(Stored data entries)
definition choice_set_independence ::
  "'a set \<Rightarrow> ('a \<Rightarrow> 'a \<Rightarrow> 'a set \<Rightarrow> 'a set \<Rightarrow> real) \<Rightarrow> bool" where
  "choice_set_independence X p \<longleftrightarrow>
     (\<forall>B \<in> nonempty_subsets X. \<forall>y\<in>B. \<forall>x\<in>X.
        \<forall>A \<in> nonempty_subsets X. \<forall>A' \<in> nonempty_subsets X.
          x \<in> A \<longrightarrow> x \<in> A' \<longrightarrow> marg_p X p x A > 0 \<longrightarrow> marg_p X p x A' > 0 \<longrightarrow>
          p x y A B / marg_p X p x A = p x y A' B / marg_p X p x A')"

end

(*
  Necessity: in a state independent model p(x,y,A,B) is the product of the probability that x
  tops A under nu and the probability that y tops B under t(x).  The two-variable Moebius inverse
  therefore factors into two one-variable Block--Marschak sums, each of which is the nonnegative
  mass of the orders in which the elements ranked weakly below the chosen alternative form exactly
  the given set; marginality and choice set independence are read off the factorisation.

  Sufficiency: the marginal p(x,A) has nonnegative Block--Marschak sums, so by Falmagne's theorem
  it is a random utility model nu.  Choice set independence gives p(x,y,A,B) = p(x,A) c_x(y,B)
  with the conditional rule c_x taken at any A0 where p(x,A0) > 0; evaluating the Moebius inverse
  of p at a superset A1 of A0 with positive Block--Marschak sum shows that c_x has nonnegative
  Block--Marschak sums as well, and Falmagne's theorem turns it into t(x).

  Falmagne's theorem is proved by a flow argument: the Block--Marschak sum q(z,S) is a flow from
  S to S - {z} on the lattice of subsets, inflow equals outflow at every proper nonempty S, and
  the Markov chain ranking the alternatives from the top, picking z next out of the remaining set
  S with probability q(z,S) / outflow(S), induces the required distribution on orders.
*)

theory Submission
  imports Defs "HOL-Combinatorics.Multiset_Permutations"
begin
lemma palg_ij_no_path:
  assumes "\<not> has_path Q i j"
  shows "palg_ij Q i j = {0 :: ('v, 'e) qpath \<Rightarrow> 'k::field}"
proof -
  have "f = 0" if f: "f \<in> palg_ij Q i j" for f :: "('v, 'e) qpath \<Rightarrow> 'k"
  proof (rule ext, rule ccontr)
    fix p
    assume "f p \<noteq> 0 p"
    then have "is_path Q p" "fst p = i" "pend Q p = j"
      using palg_path[OF palg_ij_palg[OF f]] palg_ij_ends[OF f] by auto
    then show False
      using assms unfolding has_path_def by blast
  qed
  moreover have "0 \<in> (palg_ij Q i j :: (('v, 'e) qpath \<Rightarrow> 'k) set)"
    by (rule add_subgroup_zero[OF palg_ij_subgroup])
  ultimately show ?thesis
    by blast
qed

lemma palg_ij_subset_kR:
  assumes "\<not> has_path Q j i"
  shows "palg_ij Q i j \<subseteq> kR Q"
proof
  fix f
  assume f: "f \<in> palg_ij Q i j"
  have "regular_path Q p" if "f p \<noteq> 0" for p
  proof -
    have p: "is_path Q p" "fst p = i" "pend Q p = j"
      using palg_path[OF palg_ij_palg[OF f] that] palg_ij_ends[OF f that] by auto
    moreover have "snd p \<noteq> []"
    proof
      assume "snd p = []"
      then have "pend Q p = fst p"
        by (simp add: pend_def)
      then show False
        using assms has_path_path[OF p(1)] p(2,3) by simp
    qed
    ultimately show ?thesis
      using assms unfolding regular_path_def by simp
  qed
  then show "f \<in> kR Q"
    using palg_ij_palg[OF f] unfolding kR_def by blast
qed

lemma gamma_rad_without_return_path:
  assumes "\<not> has_path Q j i"
  shows "gamma_rad r (palg_ij Q i j) (palg_ij Q j i) (ptri Q) =
    (palg_ij Q i j :: (('v, 'e) qpath \<Rightarrow> 'k::field) set)"
  unfolding palg_ij_no_path[OF assms]
  by (rule gamma_rad_trivial_Gamma[OF palg_ij_subgroup]) (simp add: ptri_def)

▶ **Aim of the task**: Your task is an exact transcription of every line above.

▶ **Answer space**:
definition choice_set_independence ::
  "'a set \<Rightarrow> ('a \<Rightarrow> 'a \<Rightarrow> 'a set \<Rightarrow> 'a set \<Rightarrow> real) \<Rightarrow> bool" where
  "choice_set_independence X p \<longleftrightarrow>
     (\<forall>B \<in> nonempty_subsets X. \<forall>y\<in>B. \<forall>x\<in>X.
        \<forall>A \<in> nonempty_subsets X. \<forall>A' \<in> nonempty_subsets X.
          x \<in> A \<longrightarrow> x \<in> A' \<longrightarrow> marg_p X p x A > 0 \<longrightarrow> marg_p X p x A' > 0 \<longrightarrow>
          p x y A B / marg_p X p x A = p x y A' B / marg_p X p x A')"

end

(*
  Necessity: in a state independent model p(x,y,A,B) is the product of the probability that x
  tops A under nu and the probability that y tops B under t(x).  The two-variable Moebius inverse
  therefore factors into two one-variable Block--Marschak sums, each of which is the nonnegative
  mass of the orders in which the elements ranked weakly below the chosen alternative form exactly
  the given set; marginality and choice set independence are read off the factorisation.

  Sufficiency: the marginal p(x,A) has nonnegative Block--Marschak sums, so by Falmagne's theorem
  it is a random utility model nu.  Choice set independence gives p(x,y,A,B) = p(x,A) c_x(y,B)
  with the conditional rule c_x taken at any A0 where p(x,A0) > 0; evaluating the Moebius inverse
  of p at a superset A1 of A0 with positive Block--Marschak sum shows that c_x has nonnegative
  Block--Marschak sums as well, and Falmagne's theorem turns it into t(x).

  Falmagne's theorem is proved by a flow argument: the Block--Marschak sum q(z,S) is a flow from
  S to S - {z} on the lattice of subsets, inflow equals outflow at every proper nonempty S, and
  the Markov chain ranking the alternatives from the top, picking z next out of the remaining set
  S with probability q(z,S) / outflow(S), induces the required distribution on orders.
*)

theory Submission
  imports Defs "HOL-Combinatorics.Multiset_Permutations"
begin
lemma palg_ij_no_path:
  assumes "\<not> has_path Q i j"
  shows "palg_ij Q i j = {0 :: ('v, 'e) qpath \<Rightarrow> 'k::field}"
proof -
  have "f = 0" if f: "f \<in> palg_ij Q i j" for f :: "('v, 'e) qpath \<Rightarrow> 'k"
  proof (rule ext, rule ccontr)
    fix p
    assume "f p \<noteq> 0 p"
    then have "is_path Q p" "fst p = i" "pend Q p = j"
      using palg_path[OF palg_ij_palg[OF f]] palg_ij_ends[OF f] by auto
    then show False
      using assms unfolding has_path_def by blast
  qed
  moreover have "0 \<in> (palg_ij Q i j :: (('v, 'e) qpath \<Rightarrow> 'k) set)"
    by (rule add_subgroup_zero[OF palg_ij_subgroup])
  ultimately show ?thesis
    by blast
qed

lemma palg_ij_subset_kR:
  assumes "\<not> has_path Q j i"
  shows "palg_ij Q i j \<subseteq> kR Q"
proof
  fix f
  assume f: "f \<in> palg_ij Q i j"
  have "regular_path Q p" if "f p \<noteq> 0" for p
  proof -
    have p: "is_path Q p" "fst p = i" "pend Q p = j"
      using palg_path[OF palg_ij_palg[OF f] that] palg_ij_ends[OF f that] by auto
    moreover have "snd p \<noteq> []"
    proof
      assume "snd p = []"
      then have "pend Q p = fst p"
        by (simp add: pend_def)
      then show False
        using assms has_path_path[OF p(1)] p(2,3) by simp
    qed
    ultimately show ?thesis
      using assms unfolding regular_path_def by simp
  qed
  then show "f \<in> kR Q"
    using palg_ij_palg[OF f] unfolding kR_def by blast
qed

lemma gamma_rad_without_return_path:
  assumes "\<not> has_path Q j i"
  shows "gamma_rad r (palg_ij Q i j) (palg_ij Q j i) (ptri Q) =
    (palg_ij Q i j :: (('v, 'e) qpath \<Rightarrow> 'k::field) set)"
  unfolding palg_ij_no_path[OF assms]
  by (rule gamma_rad_trivial_Gamma[OF palg_ij_subgroup]) (simp add: ptri_def)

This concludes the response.